SECTION 5 — CLOUD + DEVOPS (AWS)
- Deploy full system on AWS with ECS or EKS GPU nodes, DynamoDB or RDS for border records, SQS/SNS for async processing.
- Expose APIs through API Gateway and serve the DApp via CloudFront.
- Implement IAM least-privilege, Terraform or AWS CDK IaC, CloudWatch logging, and Grafana dashboards.
- Deliverables:
/infra/terraform/*, infrastructure diagram, and blue/green vs rolling deployment explanation.
SECTION 6 — FULL-STACK FRONTEND
- Deliverable:
/dashboard/ with real-time inference logs, GPU utilization (metrics API), border traffic visualizations.

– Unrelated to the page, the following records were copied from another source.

(* Let $H_5$ be the 3-graph with vertex set $[6]$ and edges $142,143,145,146,251,253,254,256,361,362,364,365$. Then $\lambda(H_5)\le\frac{1}{16}$.
   Context: For a 3-uniform hypergraph $H$ on vertices $1,\dots,m$, its Lagrangian is $\lambda(H)=\max\{\sum_{ijk\in E(H)}x_ix_jx_k : x\in[0,1]^m,\ x_1+\dots+x_m=1\}$. *)

theory Defs
  imports Complex_Main
begin

text \<open>The Lagrangian is the maximum over the
standard simplex of the edge polynomial; we take the supremum (which is attained
by compactness, so it equals the maximum).\<close>

definition simplex :: "nat \<Rightarrow> (nat \<Rightarrow> real) set" where
  "simplex m = {x. (\<forall>i\<in>{1..m}. 0 \<le> x i \<and> x i \<le> 1) \<and> (\<Sum>i=1..m. x i) = 1}"

definition edge_poly :: "nat set set \<Rightarrow> (nat \<Rightarrow> real) \<Rightarrow> real" where
  "edge_poly E x = (\<Sum>e\<in>E. \<Prod>i\<in>e. x i)"

definition lagrangian :: "nat \<Rightarrow> nat set set \<Rightarrow> real" where
  "lagrangian m E = (SUP x\<in>simplex m. edge_poly E x)"

definition H5 :: "nat set set" where
  "H5 = {{1,4,2},{1,4,3},{1,4,5},{1,4,6},{2,5,1},{2,5,3},{2,5,4},{2,5,6},
         {3,6,1},{3,6,2},{3,6,4},{3,6,5}}"

end

theory Submission
  imports Defs
begin

text \<open>The vertices of \<open>H5\<close> split into the pairs \<open>{1,4}\<close>, \<open>{2,5}\<close>, \<open>{3,6}\<close>, and the edges
are exactly the triples formed by one pair and one vertex outside it. Writing \<open>s\<close> for the
weight of a pair \<open>{i,j}\<close>, its edges contribute \<open>x\<^sub>i x\<^sub>j (1 - s) \<le> s\<^sup>2 (1 - s) / 4 \<le> s / 16\<close>
by AM-GM twice, and the weights of the three pairs add up to 1.\<close>

lemma simplex_nonempty:
  assumes "1 \<le> m"
  shows "simplex m \<noteq> {}"
proof -
  have "(\<lambda>i. if i = 1 then 1 else 0) \<in> simplex m"
    using assms unfolding simplex_def by (simp add: sum.If_cases)
  then show ?thesis by blast
qed

lemma lagrangian_le:
  assumes "1 \<le> m" and "\<And>x. x \<in> simplex m \<Longrightarrow> edge_poly E x \<le> c"
  shows "lagrangian m E \<le> c"
  unfolding lagrangian_def using assms simplex_nonempty by (blast intro: cSUP_least)

lemma mult_mult_one_minus_le:
  fixes a b :: real
  assumes "0 \<le> a" "0 \<le> b" "a + b \<le> 1"
  shows "a * b * (1 - (a + b)) \<le> (a + b) / 16"
proof -
  define s where "s = a + b"
  have "0 \<le> (a - b)\<^sup>2" "0 \<le> (2 * s - 1)\<^sup>2" by simp_all
  then have ab: "a * b \<le> s\<^sup>2 / 4" and s: "s * (1 - s) \<le> 1 / 4"
    unfolding s_def by (simp_all add: power2_eq_square algebra_simps)
  have "a * b * (1 - s) \<le> s\<^sup>2 / 4 * (1 - s)"
    using ab assms by (intro mult_right_mono) (simp_all add: s_def)
  also have "\<dots> = s * (s * (1 - s)) / 4"
    by (simp add: power2_eq_square)
  also have "\<dots> \<le> s * (1 / 4) / 4"
    using s assms by (intro divide_right_mono mult_left_mono) (simp_all add: s_def)
  finally show ?thesis by (simp add: s_def)
qed

lemma edge_poly_H5:
  "edge_poly H5 x = x 1 * x 4 * (x 2 + x 3 + x 5 + x 6) + x 2 * x 5 * (x 1 + x 3 + x 4 + x 6)
     + x 3 * x 6 * (x 1 + x 2 + x 4 + x 5)"
  unfolding edge_poly_def H5_def
  \<comment> \<open>\<open>code_simp\<close> discharges the distinctness side conditions on the listed edges\<close>
  by (subst sum.insert, simp, code_simp)+ (simp add: algebra_simps)

theorem lemma3p3:
  shows "lagrangian 6 H5 \<le> 1 / 16"
proof (rule lagrangian_le)
  fix x assume "x \<in> simplex 6"
  then have nonneg: "\<And>i. i \<in> {1..6} \<Longrightarrow> 0 \<le> x i"
    and total: "x 1 + x 2 + x 3 + x 4 + x 5 + x 6 = 1"
    by (auto simp: simplex_def numeral_eq_Suc)
  have "x 2 + x 3 + x 5 + x 6 = 1 - (x 1 + x 4)"
    "x 1 + x 3 + x 4 + x 6 = 1 - (x 2 + x 5)"
    "x 1 + x 2 + x 4 + x 5 = 1 - (x 3 + x 6)"
    using total by linarith+
  then have "edge_poly H5 x = x 1 * x 4 * (1 - (x 1 + x 4)) + x 2 * x 5 * (1 - (x 2 + x 5))
      + x 3 * x 6 * (1 - (x 3 + x 6))"
    by (simp only: edge_poly_H5)
  also have "\<dots> \<le> (x 1 + x 4) / 16 + (x 2 + x 5) / 16 + (x 3 + x 6) / 16"
    using nonneg[of 1] nonneg[of 2] nonneg[of 3] nonneg[of 4] nonneg[of 5] nonneg[of 6] total
    by (intro add_mono mult_mult_one_minus_le) simp_all
  also have "\<dots> = 1 / 16"
    using total by argo
  finally show "edge_poly H5 x \<le> 1 / 16" .
qed simp

end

- Use Recharts or ECharts graphs with Zustand or Redux Toolkit state + Tailwind or Material UI styling.
SECTION 7 — FINAL SYSTEM DESIGN CHALLENGE
Design a full real-time AI-powered border analytics platform that:
- Ingests border crossing data, streams events through Kafka.
- Enriches + embeds documents, stores in a vector DB.
- Supports AI assistant queries, 50k concurrent users, <1s inference, horizontally sharded historical data, GPU autoscaling, security & governance.
Deliverables: System sequence diagram, data flow + storage schema, API service layout, scaling strategy, and security considerations.